Memanfaatkan momentum peringatan 76 tahun Kemerdekaan Indonesia, kalangan pemerhati keragaman hayati di Jatim turun lagi ke Brantas untuk membersihkan sungai dari sampah sekaligus kampanye mengingatkan publik agar mau membuka diri mengubah perilaku tidak mencemari sungai.

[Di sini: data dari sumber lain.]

(* Let $(X_n,\eta_n)$ be a time-homogeneous Markov chain on a locally finite set $\Sigma\subseteq\mathbb{R}_+\times S$ ($S$ finite), and suppose that for some $p>0$ there is $C_p<\infty$ with $\mathbb{E}_{x,i}[|X_{n+1}-X_n|^p]\le C_p$ for all $(x,i)\in\Sigma$. Let $r\in\mathbb{R}$, $\zeta\in(0,1)$, $E_n=\{|X_{n+1}-X_n|\le X_n^\zeta\}$, and let $g:S\to\mathbb{R}$. Then, as $x\to\infty$, \[\mathbb{E}_{x,i}[(g(\eta_{n+1})X_{n+1}^r-g(\eta_n)X_n^r)\mathbf 1(E_n)]=x^r\sum_{j\in S}(g(j)-g(i))q_{ij}(x)+o(x^r).\]
   Context: $\mathbb{E}_{x,i}[\cdot]=\mathbb{E}[\cdot\mid X_n=x,\eta_n=i]$ and $q_{ij}(x)=\Pr[\eta_{n+1}=j\mid X_n=x,\eta_n=i]$. *)

theory Defs
  imports "HOL-Probability.Probability" "HOL-Library.Landau_Symbols"
begin

text \<open>A time-homogeneous Markov chain (X_n, eta_n) on Sigma is described by its
  one-step transition kernel K : state \<Rightarrow> distribution of the next state.
  E_{x,i}[F(X_n,eta_n,X_{n+1},eta_{n+1})] = integral of F((x,i), .) w.r.t. K (x,i).\<close>

definition cond_exp :: "(real \<times> 's \<Rightarrow> (real \<times> 's) pmf) \<Rightarrow> real \<times> 's \<Rightarrow> (real \<times> 's \<Rightarrow> real) \<Rightarrow> real" where
  "cond_exp K s F = measure_pmf.expectation (K s) F"

definition q :: "(real \<times> 's \<Rightarrow> (real \<times> 's) pmf) \<Rightarrow> 's \<Rightarrow> 's \<Rightarrow> real \<Rightarrow> real" where
  "q K i j x = measure_pmf.prob (K (x, i)) {s. snd s = j}"

definition locally_finite_state_space :: "(real \<times> 's) set \<Rightarrow> bool" where
  "locally_finite_state_space \<Sigma> \<longleftrightarrow> \<Sigma> \<subseteq> {s. 0 \<le> fst s} \<and> (\<forall>b. finite {s\<in>\<Sigma>. fst s \<le> b})"

end

theory Submission
  imports Defs
begin

text \<open>Split the expectation according to the event \<open>E\<close> that the jump \<open>\<bar>X' - x\<bar>\<close> is at most
  \<open>x\<^sup>\<zeta>\<close>. On \<open>E\<close> we have \<open>X' = x (1 + O(x\<^sup>\<zeta>\<^sup>-\<^sup>1))\<close>, so \<open>X'\<^sup>r = x\<^sup>r (1 + o(1))\<close> uniformly, and replacing
  \<open>g(\<eta>') X'\<^sup>r\<close> by \<open>g(\<eta>') x\<^sup>r\<close> costs \<open>o(x\<^sup>r)\<close>. The complement of \<open>E\<close> has probability \<open>O(x\<^sup>-\<^sup>\<zeta>\<^sup>p)\<close> by
  Markov's inequality applied to the \<open>p\<close>-th moment of the jump, so adding it back in the term
  \<open>x\<^sup>r (g(\<eta>') - g(i))\<close> also costs \<open>o(x\<^sup>r)\<close>. What remains is
  \<open>x\<^sup>r \<bbbE>[g(\<eta>') - g(i)] = x\<^sup>r \<Sum>\<^sub>j (g j - g i) q\<^sub>i\<^sub>j(x)\<close>.\<close>

definition powr_distortion :: "real \<Rightarrow> real \<Rightarrow> real" where
  "powr_distortion r e = \<bar>(1 + e) powr r - 1\<bar> + \<bar>(1 - e) powr r - 1\<bar>"

lemma powr_distortion_nonneg: "0 \<le> powr_distortion r e"
  by (simp add: powr_distortion_def)

lemma powr_near_one:
  fixes t e r :: real
  assumes "\<bar>t - 1\<bar> \<le> e" "e < 1"
  shows "\<bar>t powr r - 1\<bar> \<le> powr_distortion r e"
proof (cases "r \<ge> 0")
  case True
  have "(1 - e) powr r \<le> t powr r" "t powr r \<le> (1 + e) powr r"
    using assms True by (auto intro!: powr_mono2)
  then show ?thesis unfolding powr_distortion_def by linarith
next
  case False
  have "t powr r \<le> (1 - e) powr r" "(1 + e) powr r \<le> t powr r"
    using assms False by (auto intro!: powr_mono2')
  then show ?thesis unfolding powr_distortion_def by linarith
qed

lemma powr_relative_perturbation:
  fixes x y e r :: real
  assumes "0 < x" "\<bar>y - x\<bar> \<le> x * e" "e < 1"
  shows "\<bar>y powr r - x powr r\<bar> \<le> x powr r * powr_distortion r e"
proof -
  define t where "t = y / x"
  have y: "y = x * t" using assms(1) by (simp add: t_def)
  have "y - x = x * (t - 1)" by (simp add: y algebra_simps)
  then have "x * \<bar>t - 1\<bar> = \<bar>y - x\<bar>"
    using assms(1) by (simp add: abs_mult)
  then have t: "\<bar>t - 1\<bar> \<le> e"
    using assms(1,2) by (metis mult_le_cancel_left_pos)
  then have "0 \<le> t" using assms(3) by linarith
  then have "y powr r - x powr r = x powr r * (t powr r - 1)"
    using assms(1) by (simp add: y powr_mult right_diff_distrib)
  then have "\<bar>y powr r - x powr r\<bar> = x powr r * \<bar>t powr r - 1\<bar>"
    by (simp add: abs_mult)
  also have "\<dots> \<le> x powr r * powr_distortion r e"
    using powr_near_one[OF t assms(3)] by (simp add: mult_left_mono)
  finally show ?thesis .
qed

lemma powr_distortion_tendsto_zero:
  assumes "((\<lambda>x. e x) \<longlongrightarrow> 0) F"
  shows "((\<lambda>x. powr_distortion r (e x)) \<longlongrightarrow> 0) F"
proof -
  have "((\<lambda>x. powr_distortion r (e x)) \<longlongrightarrow> \<bar>(1 + 0) powr r - 1\<bar> + \<bar>(1 - 0) powr r - 1\<bar>) F"
    unfolding powr_distortion_def by (intro tendsto_intros assms) simp_all
  then show ?thesis by simp
qed

lemma markov_inequality_powr_pmf:
  fixes M :: "'a pmf" and f :: "'a \<Rightarrow> real"
  assumes moment: "(\<integral>\<^sup>+ s. ennreal (\<bar>f s\<bar> powr p) \<partial>measure_pmf M) \<le> ennreal C"
    and "0 < a" "0 < p"
  shows "a powr p * measure_pmf.prob M {s. a < \<bar>f s\<bar>} \<le> max C 0"
proof -
  define S where "S = {s. a < \<bar>f s\<bar>}"
  have "ennreal (a powr p) * indicator S s \<le> ennreal (\<bar>f s\<bar> powr p)" for s
    using assms(2,3) by (auto simp: S_def indicator_def intro!: ennreal_leI powr_mono2)
  then have "ennreal (a powr p) * emeasure (measure_pmf M) S \<le> (\<integral>\<^sup>+ s. ennreal (\<bar>f s\<bar> powr p) \<partial>measure_pmf M)"
    by (subst nn_integral_cmult_indicator[symmetric]) (auto intro!: nn_integral_mono)
  also have "\<dots> \<le> ennreal (max C 0)"
    using moment by (metis ennreal_max_0 max.commute)
  finally have "ennreal (a powr p * measure_pmf.prob M S) \<le> ennreal (max C 0)"
    by (simp add: measure_pmf.emeasure_eq_measure ennreal_mult)
  then show ?thesis unfolding S_def by (subst (asm) ennreal_le_iff) auto
qed

lemma integrable_measure_pmf_bounded:
  fixes f :: "'a \<Rightarrow> real"
  assumes "\<And>s. \<bar>f s\<bar> \<le> B"
  shows "integrable (measure_pmf M) f"
  by (rule measure_pmf.integrable_const_bound[where B=B]) (auto simp: assms)

lemma expectation_fun_snd:
  fixes M :: "('a \<times> 's::finite) pmf" and f :: "'s \<Rightarrow> real"
  shows "measure_pmf.expectation M (\<lambda>s. f (snd s)) = (\<Sum>j\<in>UNIV. f j * measure_pmf.prob M {s. snd s = j})"
proof -
  have "measure_pmf.expectation M (\<lambda>s. f (snd s)) = measure_pmf.expectation (map_pmf snd M) f"
    by simp
  also have "\<dots> = (\<Sum>j\<in>UNIV. f j * pmf (map_pmf snd M) j)"
    by (rule integral_measure_pmf_real) auto
  also have "\<dots> = (\<Sum>j\<in>UNIV. f j * measure_pmf.prob M {s. snd s = j})"
    by (simp add: pmf_map vimage_def)
  finally show ?thesis .
qed

lemma abs_expectation_diff_le_pmf:
  fixes f h b :: "'a \<Rightarrow> real"
  assumes close: "\<And>s. \<bar>f s - h s\<bar> \<le> b s"
    and h_bounded: "\<And>s. \<bar>h s\<bar> \<le> B\<^sub>h" and b_bounded: "\<And>s. b s \<le> B\<^sub>b"
  shows "\<bar>measure_pmf.expectation M f - measure_pmf.expectation M h\<bar> \<le> measure_pmf.expectation M b"
proof -
  have b_nonneg: "0 \<le> b s" for s
    using close[of s] by linarith
  have int_b: "integrable M b"
    by (rule integrable_measure_pmf_bounded[where B = B\<^sub>b]) (use b_nonneg b_bounded in simp)
  have int_h: "integrable M h"
    by (rule integrable_measure_pmf_bounded[OF h_bounded])
  have int_diff: "integrable M (\<lambda>s. f s - h s)"
    by (rule integrable_measure_pmf_bounded[where B = B\<^sub>b]) (use close b_bounded in \<open>blast intro: order_trans\<close>)
  have "integrable M f"
    using Bochner_Integration.integrable_add[OF int_diff int_h] by simp
  then have "\<bar>measure_pmf.expectation M f - measure_pmf.expectation M h\<bar>
      = \<bar>measure_pmf.expectation M (\<lambda>s. f s - h s)\<bar>"
    by (simp add: Bochner_Integration.integral_diff[OF _ int_h])
  also have "\<dots> \<le> measure_pmf.expectation M b"
    using integral_norm_bound[of M "\<lambda>s. f s - h s", unfolded real_norm_def]
      integral_mono[OF integrable_abs[OF int_diff] int_b close]
    by (rule order_trans)
  finally show ?thesis .
qed

lemma truncated_increment_approx:
  fixes g :: "'s \<Rightarrow> real" and i j :: 's and x y e r G :: real
  assumes "0 < x" "e < 1" and G: "\<And>j. \<bar>g j\<bar> \<le> G"
  shows "\<bar>(g j * y powr r - g i * x powr r) * indicator {y. \<bar>y - x\<bar> \<le> x * e} y - x powr r * (g j - g i)\<bar>
         \<le> G * x powr r * powr_distortion r e + 2 * G * x powr r * indicator {y. x * e < \<bar>y - x\<bar>} y"
proof (cases "\<bar>y - x\<bar> \<le> x * e")
  case True
  have "\<bar>g j * (y powr r - x powr r)\<bar> \<le> G * (x powr r * powr_distortion r e)"
    unfolding abs_mult using True assms powr_relative_perturbation[of x y e r] order_trans[OF abs_ge_zero G]
    by (intro mult_mono) auto
  then show ?thesis using True by (simp add: algebra_simps)
next
  case False
  then have "\<bar>(g j * y powr r - g i * x powr r) * indicator {y. \<bar>y - x\<bar> \<le> x * e} y - x powr r * (g j - g i)\<bar>
      = x powr r * \<bar>g j - g i\<bar>"
    by (simp add: abs_mult)
  also have "\<dots> \<le> x powr r * (2 * G)"
    using G[of i] G[of j] by (intro mult_left_mono) auto
  moreover have "0 \<le> G * x powr r * powr_distortion r e"
    using order_trans[OF abs_ge_zero G] powr_distortion_nonneg[of r e] by simp
  ultimately show ?thesis
    using False by (simp add: algebra_simps)
qed

lemma truncated_drift_error_bound:
  fixes M :: "(real \<times> 's::finite) pmf" and g :: "'s \<Rightarrow> real"
  assumes x: "1 < x" and zeta: "\<zeta> < 1" and p: "0 < p"
    and moment: "(\<integral>\<^sup>+ s. ennreal (\<bar>fst s - x\<bar> powr p) \<partial>measure_pmf M) \<le> ennreal C"
    and G: "\<And>j. \<bar>g j\<bar> \<le> G"
  shows "\<bar>measure_pmf.expectation M
            (\<lambda>s. (g (snd s) * fst s powr r - g i * x powr r) * indicator {s. \<bar>fst s - x\<bar> \<le> x powr \<zeta>} s)
          - x powr r * (\<Sum>j\<in>UNIV. (g j - g i) * measure_pmf.prob M {s. snd s = j})\<bar>
         \<le> x powr r * (G * powr_distortion r (x powr (\<zeta> - 1)) + 2 * G * max C 0 * x powr (- (\<zeta> * p)))"
proof -
  define e where "e = x powr (\<zeta> - 1)"
  define far where "far = {s :: real \<times> 's. x powr \<zeta> < \<bar>fst s - x\<bar>}"
  have G0: "0 \<le> G" using G[of i] by linarith
  have e1: "e < 1" using x zeta by (simp add: e_def powr_less_one)
  have xe: "x powr \<zeta> = x * e" using x by (simp add: e_def powr_diff)
  have far_prob: "measure_pmf.prob M far \<le> max C 0 * x powr (- (\<zeta> * p))"
  proof -
    have "(x powr \<zeta>) powr p * measure_pmf.prob M far \<le> max C 0"
      unfolding far_def using x p by (intro markov_inequality_powr_pmf[OF moment]) auto
    then show ?thesis
      using x by (simp add: powr_powr powr_minus_divide field_simps)
  qed
  define bound where
    "bound s = G * x powr r * powr_distortion r e + 2 * G * x powr r * indicator far s" for s
  have approx: "\<bar>(g (snd s) * fst s powr r - g i * x powr r) * indicator {s. \<bar>fst s - x\<bar> \<le> x powr \<zeta>} s
      - x powr r * (g (snd s) - g i)\<bar> \<le> bound s" for s
    using truncated_increment_approx[where g = g and i = i and j = "snd s" and x = x and y = "fst s"
        and e = e and r = r and G = G, OF _ e1 G] x
    by (simp add: bound_def xe far_def indicator_def)
  have "\<bar>x powr r * (g j - g i)\<bar> \<le> x powr r * (2 * G)" for j
    using G[of i] G[of j] by (simp add: abs_mult mult_left_mono)
  moreover have "bound s \<le> G * x powr r * powr_distortion r e + 2 * G * x powr r" for s
    using G0 by (simp add: bound_def indicator_def)
  ultimately have "\<bar>measure_pmf.expectation M
            (\<lambda>s. (g (snd s) * fst s powr r - g i * x powr r) * indicator {s. \<bar>fst s - x\<bar> \<le> x powr \<zeta>} s)
          - measure_pmf.expectation M (\<lambda>s. x powr r * (g (snd s) - g i))\<bar> \<le> measure_pmf.expectation M bound"
    by (intro abs_expectation_diff_le_pmf[OF approx]) auto
  also have "\<dots> = G * x powr r * powr_distortion r e + 2 * G * x powr r * measure_pmf.prob M far"
  proof -
    have "integrable M (indicator far :: _ \<Rightarrow> real)"
      by (rule integrable_measure_pmf_bounded[where B = 1]) (simp add: indicator_def)
    then show ?thesis
      by (simp add: bound_def[abs_def] measure_pmf.emeasure_eq_measure)
  qed
  also have "\<dots> \<le> G * x powr r * powr_distortion r e + 2 * G * x powr r * (max C 0 * x powr (- (\<zeta> * p)))"
    using far_prob G0 x by (intro add_left_mono mult_left_mono) auto
  finally show ?thesis
    using expectation_fun_snd[of M "\<lambda>j. x powr r * (g j - g i)"]
    by (simp add: e_def sum_distrib_left algebra_simps)
qed

theorem lemma3p5:
  fixes K :: "real \<times> 's::finite \<Rightarrow> (real \<times> 's) pmf"
    and \<Sigma> :: "(real \<times> 's) set"
    and p Cp r \<zeta> :: real
    and g :: "'s \<Rightarrow> real"
    and i :: 's
  assumes lf: "locally_finite_state_space \<Sigma>"
    and closed: "\<And>s. s \<in> \<Sigma> \<Longrightarrow> set_pmf (K s) \<subseteq> \<Sigma>"
    and p_pos: "p > 0"
    and moment: "\<And>x j. (x, j) \<in> \<Sigma> \<Longrightarrow>
        (\<integral>\<^sup>+ s. ennreal (\<bar>fst s - x\<bar> powr p) \<partial>measure_pmf (K (x, j))) \<le> ennreal Cp"
    and zeta: "0 < \<zeta>" "\<zeta> < 1"
  shows "(\<lambda>x. cond_exp K (x, i)
              (\<lambda>s. (g (snd s) * fst s powr r - g i * x powr r)
                   * indicator {s. \<bar>fst s - x\<bar> \<le> x powr \<zeta>} s)
           - x powr r * (\<Sum>j\<in>UNIV. (g j - g i) * q K i j x))
         \<in> o[at_top \<sqinter> principal {x. (x, i) \<in> \<Sigma>}](\<lambda>x. x powr r)"
  (is "?D \<in> o[?F](\<lambda>x. x powr r)")
proof (rule smalloI_tendsto)
  define G where "G = (\<Sum>j\<in>UNIV. \<bar>g j\<bar>)"
  have G: "\<bar>g j\<bar> \<le> G" for j
    unfolding G_def by (rule member_le_sum) auto
  define B where "B x = G * powr_distortion r (x powr (\<zeta> - 1)) + 2 * G * max Cp 0 * x powr (- (\<zeta> * p))" for x
  have "(B \<longlongrightarrow> G * 0 + 2 * G * max Cp 0 * 0) at_top"
    unfolding B_def using zeta p_pos
    by (intro tendsto_intros powr_distortion_tendsto_zero tendsto_neg_powr filterlim_ident) auto
  then have "(B \<longlongrightarrow> 0) ?F" by (simp add: tendsto_mono[OF inf_le1])
  moreover have "\<forall>\<^sub>F x in ?F. norm (?D x / x powr r) \<le> B x"
    unfolding eventually_inf_principal
  proof (intro eventually_mono[OF eventually_gt_at_top[of 1]] impI)
    fix x :: real assume "1 < x" and "x \<in> {x. (x, i) \<in> \<Sigma>}"
    then have "\<bar>?D x\<bar> \<le> x powr r * B x"
      using truncated_drift_error_bound[OF _ zeta(2) p_pos moment[of x i], where i = i and g = g and G = G and r = r]
      by (simp add: B_def cond_exp_def q_def G)
    then show "norm (?D x / x powr r) \<le> B x"
      using \<open>1 < x\<close> by (simp add: abs_div divide_le_eq mult.commute)
  qed
  ultimately show "((\<lambda>x. ?D x / x powr r) \<longlongrightarrow> 0) ?F"
    by (rule Lim_null_comparison[rotated])
  show "\<forall>\<^sub>F x in ?F. x powr r \<noteq> 0"
    unfolding eventually_inf_principal by (rule eventually_mono[OF eventually_gt_at_top[of 1]]) simp
qed

end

Menurut koordinator River Warrior, Thara Bening Sandrina, Rabu (18/8/2021), Brantas amat penting bagi seluruh masyarakat di kabupaten/kota yang dilaluinya, yakni Malang Raya (Kota dan Kabupaten Malang serta Batu), Tulungagung, Kediri Raya (Kota dan Kabupaten Kediri), Kabupaten Blitar, Nganjuk, Jombang, Mojokerto Raya (Kota dan Kabupaten Mojokerto), dan Surabaya Raya (Surabaya, Sidoarjo, Gresik).
”Air dari Sungai Brantas, termasuk percabangannya, digunakan sebagai bahan baku bagi perusahaan daerah air minum,” ujar mahasiswi Fakultas Perikanan dan Kelautan Universitas Airlangga Surabaya itu.
Beribu-ribu pohon di sepanjang Brantas menjadi tempat sampah plastik menyangkut. Sampah plastik dalam kurun waktu tertentu akan terdegradasi menjadi mikroplastik yang dapat tercampur dalam air sehingga mencemari biota dan manusia yang mengonsumsinya.
Thara mengungkapkan, di sepanjang Wringinanom-Driyorejo, setidaknya ada 500 pohon di bantaran Brantas yang jadi tempat sampah plastik tersangkut. Selain itu, ada 100 timbunan sampah di tepi sungai yang mudah longsor atau jatuh ke sungai dan mencemari kualitas air.
Koordinator Ekspedisi Pembebasan Pohon dari Sampah Plastik, Firly Mas’ulatul Janah, mengatakan, di Wringinanom-Driyorejo hanya 15 persen warga yang mendapat layanan pengambilan sampah. Sebagian kecil warga ada yang bersedia mengolah dan memanfaatkan sampah.
Di Wringinanom-Driyorejo hanya 15 persen warga yang mendapat layanan pengambilan sampah.
Namun, yang terbesar tidak terangkut sehingga dibuang begitu saja di mana-mana. Sungai menjadi ”tong sampah” termudah dan termurah.
Menurut Firly, mereka memunguti sampah-sampah plastik yang tersangkut di pohon-pohon meski sadar betul tidak akan sampai bersih. Jika pun hari ini bisa bersih, esok atau beberapa hari lagi akan kembali penuh sampah.
Mereka juga unjuk rasa di tumpukan sampah untuk menarik perhatian publik dengan harapan menggugah kesadaran masyarakat agar mengurangi mencemari sungai.
Direktur Eksekutif Ecoton Prigi Arisandi mengatakan, kegiatan semacam ekspedisi, penelusuran sungai, dan memulung sampah telah menjadi program kegiatan bersama pemerhati lingkungan untuk melindungi sungai dari pencemaran.
”Kami sangat kecewa karena masalah pencemaran sungai dibiarkan oleh aparatur negara, terutama pemerintah,” kata Prigi.
Sudah banyak surat dan protes bahkan demonstrasi ditujukan bagi Kementerian Lingkungan Hidup dan Kehutanan. Sudah banyak surat dan gugatan hukum dilayangkan kepada Gubernur Jatim dan bupati/wali kota yang daerahnya dilintasi Brantas. Namun, sampai saat ini pencemaran Brantas belum memperlihatkan perubahan yang positif.
Gubernur Jatim Khofifah Indar Parawansa pada pertengahan Februari 2019 atau sepekan setelah dilantik pernah sesumbar akan mendampingi atau setidaknya menugaskan pejabat teras untuk secara rutin mengadakan kegiatan memulung sampah di Brantas. Sayangnya, janji itu tidak lagi terpenuhi bahkan tenggelam dan terlupakan dalam masa pandemi Covid-19.